[Data excerpts]
________________________
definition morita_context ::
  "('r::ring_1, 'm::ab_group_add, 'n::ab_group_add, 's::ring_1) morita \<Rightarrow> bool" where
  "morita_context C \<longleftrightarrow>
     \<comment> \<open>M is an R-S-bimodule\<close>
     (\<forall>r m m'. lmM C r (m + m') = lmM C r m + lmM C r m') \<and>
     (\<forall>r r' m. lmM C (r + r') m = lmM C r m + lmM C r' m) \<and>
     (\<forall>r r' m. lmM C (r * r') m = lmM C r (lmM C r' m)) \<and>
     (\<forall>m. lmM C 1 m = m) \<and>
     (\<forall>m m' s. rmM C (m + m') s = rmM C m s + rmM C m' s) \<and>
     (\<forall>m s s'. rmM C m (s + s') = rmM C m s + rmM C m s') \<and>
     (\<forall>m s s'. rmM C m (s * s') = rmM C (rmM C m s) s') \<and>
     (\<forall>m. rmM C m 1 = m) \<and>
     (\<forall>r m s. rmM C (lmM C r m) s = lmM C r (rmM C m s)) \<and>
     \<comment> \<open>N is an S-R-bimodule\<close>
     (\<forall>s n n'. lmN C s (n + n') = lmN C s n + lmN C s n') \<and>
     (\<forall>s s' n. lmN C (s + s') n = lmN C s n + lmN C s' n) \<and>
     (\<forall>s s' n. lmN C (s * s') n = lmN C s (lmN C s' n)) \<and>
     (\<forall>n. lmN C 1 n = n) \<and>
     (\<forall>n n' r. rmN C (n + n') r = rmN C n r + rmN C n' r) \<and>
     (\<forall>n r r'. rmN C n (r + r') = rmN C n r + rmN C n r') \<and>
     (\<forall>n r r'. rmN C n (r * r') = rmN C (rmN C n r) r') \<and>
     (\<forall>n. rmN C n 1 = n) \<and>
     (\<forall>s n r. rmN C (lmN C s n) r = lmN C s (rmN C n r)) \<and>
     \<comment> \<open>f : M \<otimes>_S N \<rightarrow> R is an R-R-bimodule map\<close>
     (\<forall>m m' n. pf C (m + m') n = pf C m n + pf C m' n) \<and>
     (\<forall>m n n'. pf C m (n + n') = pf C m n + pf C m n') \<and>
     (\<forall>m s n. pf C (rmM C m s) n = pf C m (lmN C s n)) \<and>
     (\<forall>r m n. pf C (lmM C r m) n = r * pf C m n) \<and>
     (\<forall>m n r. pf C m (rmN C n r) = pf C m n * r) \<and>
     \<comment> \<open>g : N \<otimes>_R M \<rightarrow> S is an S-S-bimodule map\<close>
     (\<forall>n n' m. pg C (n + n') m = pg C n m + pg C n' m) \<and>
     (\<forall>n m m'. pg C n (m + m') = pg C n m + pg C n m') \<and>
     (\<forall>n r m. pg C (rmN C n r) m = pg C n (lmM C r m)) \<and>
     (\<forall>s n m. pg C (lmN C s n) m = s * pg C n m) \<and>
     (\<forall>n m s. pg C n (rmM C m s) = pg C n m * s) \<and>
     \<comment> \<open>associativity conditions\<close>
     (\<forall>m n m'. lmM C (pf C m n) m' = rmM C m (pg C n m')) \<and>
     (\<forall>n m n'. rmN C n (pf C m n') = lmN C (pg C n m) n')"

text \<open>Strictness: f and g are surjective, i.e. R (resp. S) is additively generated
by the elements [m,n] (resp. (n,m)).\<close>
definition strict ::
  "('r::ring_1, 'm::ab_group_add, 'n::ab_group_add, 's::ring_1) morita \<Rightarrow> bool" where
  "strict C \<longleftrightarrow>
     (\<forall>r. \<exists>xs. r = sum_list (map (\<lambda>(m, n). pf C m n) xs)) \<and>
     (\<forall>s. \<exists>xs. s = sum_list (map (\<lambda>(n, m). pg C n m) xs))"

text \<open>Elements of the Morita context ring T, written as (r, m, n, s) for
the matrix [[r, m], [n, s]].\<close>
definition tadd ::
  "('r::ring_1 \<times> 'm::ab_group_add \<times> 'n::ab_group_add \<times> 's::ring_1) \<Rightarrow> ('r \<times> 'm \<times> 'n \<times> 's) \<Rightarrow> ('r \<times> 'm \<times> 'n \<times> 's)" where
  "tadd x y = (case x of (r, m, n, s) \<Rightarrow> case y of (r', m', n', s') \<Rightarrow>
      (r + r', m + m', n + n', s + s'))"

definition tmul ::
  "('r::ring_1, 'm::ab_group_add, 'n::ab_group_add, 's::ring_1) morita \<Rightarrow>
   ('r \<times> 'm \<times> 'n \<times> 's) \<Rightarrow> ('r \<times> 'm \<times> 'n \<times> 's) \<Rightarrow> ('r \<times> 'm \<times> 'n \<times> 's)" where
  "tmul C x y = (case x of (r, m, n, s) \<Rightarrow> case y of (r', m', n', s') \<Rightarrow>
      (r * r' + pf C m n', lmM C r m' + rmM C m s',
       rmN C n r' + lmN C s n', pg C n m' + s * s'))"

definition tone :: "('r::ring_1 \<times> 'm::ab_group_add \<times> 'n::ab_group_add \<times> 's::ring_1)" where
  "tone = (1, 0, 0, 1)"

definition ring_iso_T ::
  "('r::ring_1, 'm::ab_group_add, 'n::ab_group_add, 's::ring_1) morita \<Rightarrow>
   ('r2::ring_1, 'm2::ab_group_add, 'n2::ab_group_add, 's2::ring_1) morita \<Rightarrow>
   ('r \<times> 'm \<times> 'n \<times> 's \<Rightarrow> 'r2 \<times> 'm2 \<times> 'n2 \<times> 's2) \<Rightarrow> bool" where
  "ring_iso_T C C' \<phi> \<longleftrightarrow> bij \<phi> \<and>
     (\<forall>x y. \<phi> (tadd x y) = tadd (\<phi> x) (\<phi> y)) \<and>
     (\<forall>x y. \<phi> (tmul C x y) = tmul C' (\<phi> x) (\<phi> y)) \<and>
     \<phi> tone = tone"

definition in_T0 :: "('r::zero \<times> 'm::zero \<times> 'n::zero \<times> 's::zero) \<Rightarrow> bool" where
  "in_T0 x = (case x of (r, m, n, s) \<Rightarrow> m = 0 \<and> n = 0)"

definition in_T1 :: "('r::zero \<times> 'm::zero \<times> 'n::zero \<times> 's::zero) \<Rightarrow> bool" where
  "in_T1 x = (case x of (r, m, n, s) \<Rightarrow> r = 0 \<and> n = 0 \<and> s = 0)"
________________________
**Instructions to follow:**
With the line holding "is an R-S-bimodule\<close>" as the first and the line holding "(\<forall>m s s'. rmM C m (s +" as the last, set down that range of the entries above exactly, and nothing else.

**Response to this task:**
     \<comment> \<open>M is an R-S-bimodule\<close>
     (\<forall>r m m'. lmM C r (m + m') = lmM C r m + lmM C r m') \<and>
     (\<forall>r r' m. lmM C (r + r') m = lmM C r m + lmM C r' m) \<and>
     (\<forall>r r' m. lmM C (r * r') m = lmM C r (lmM C r' m)) \<and>
     (\<forall>m. lmM C 1 m = m) \<and>
     (\<forall>m m' s. rmM C (m + m') s = rmM C m s + rmM C m' s) \<and>
     (\<forall>m s s'. rmM C m (s + s') = rmM C m s + rmM C m s') \<and>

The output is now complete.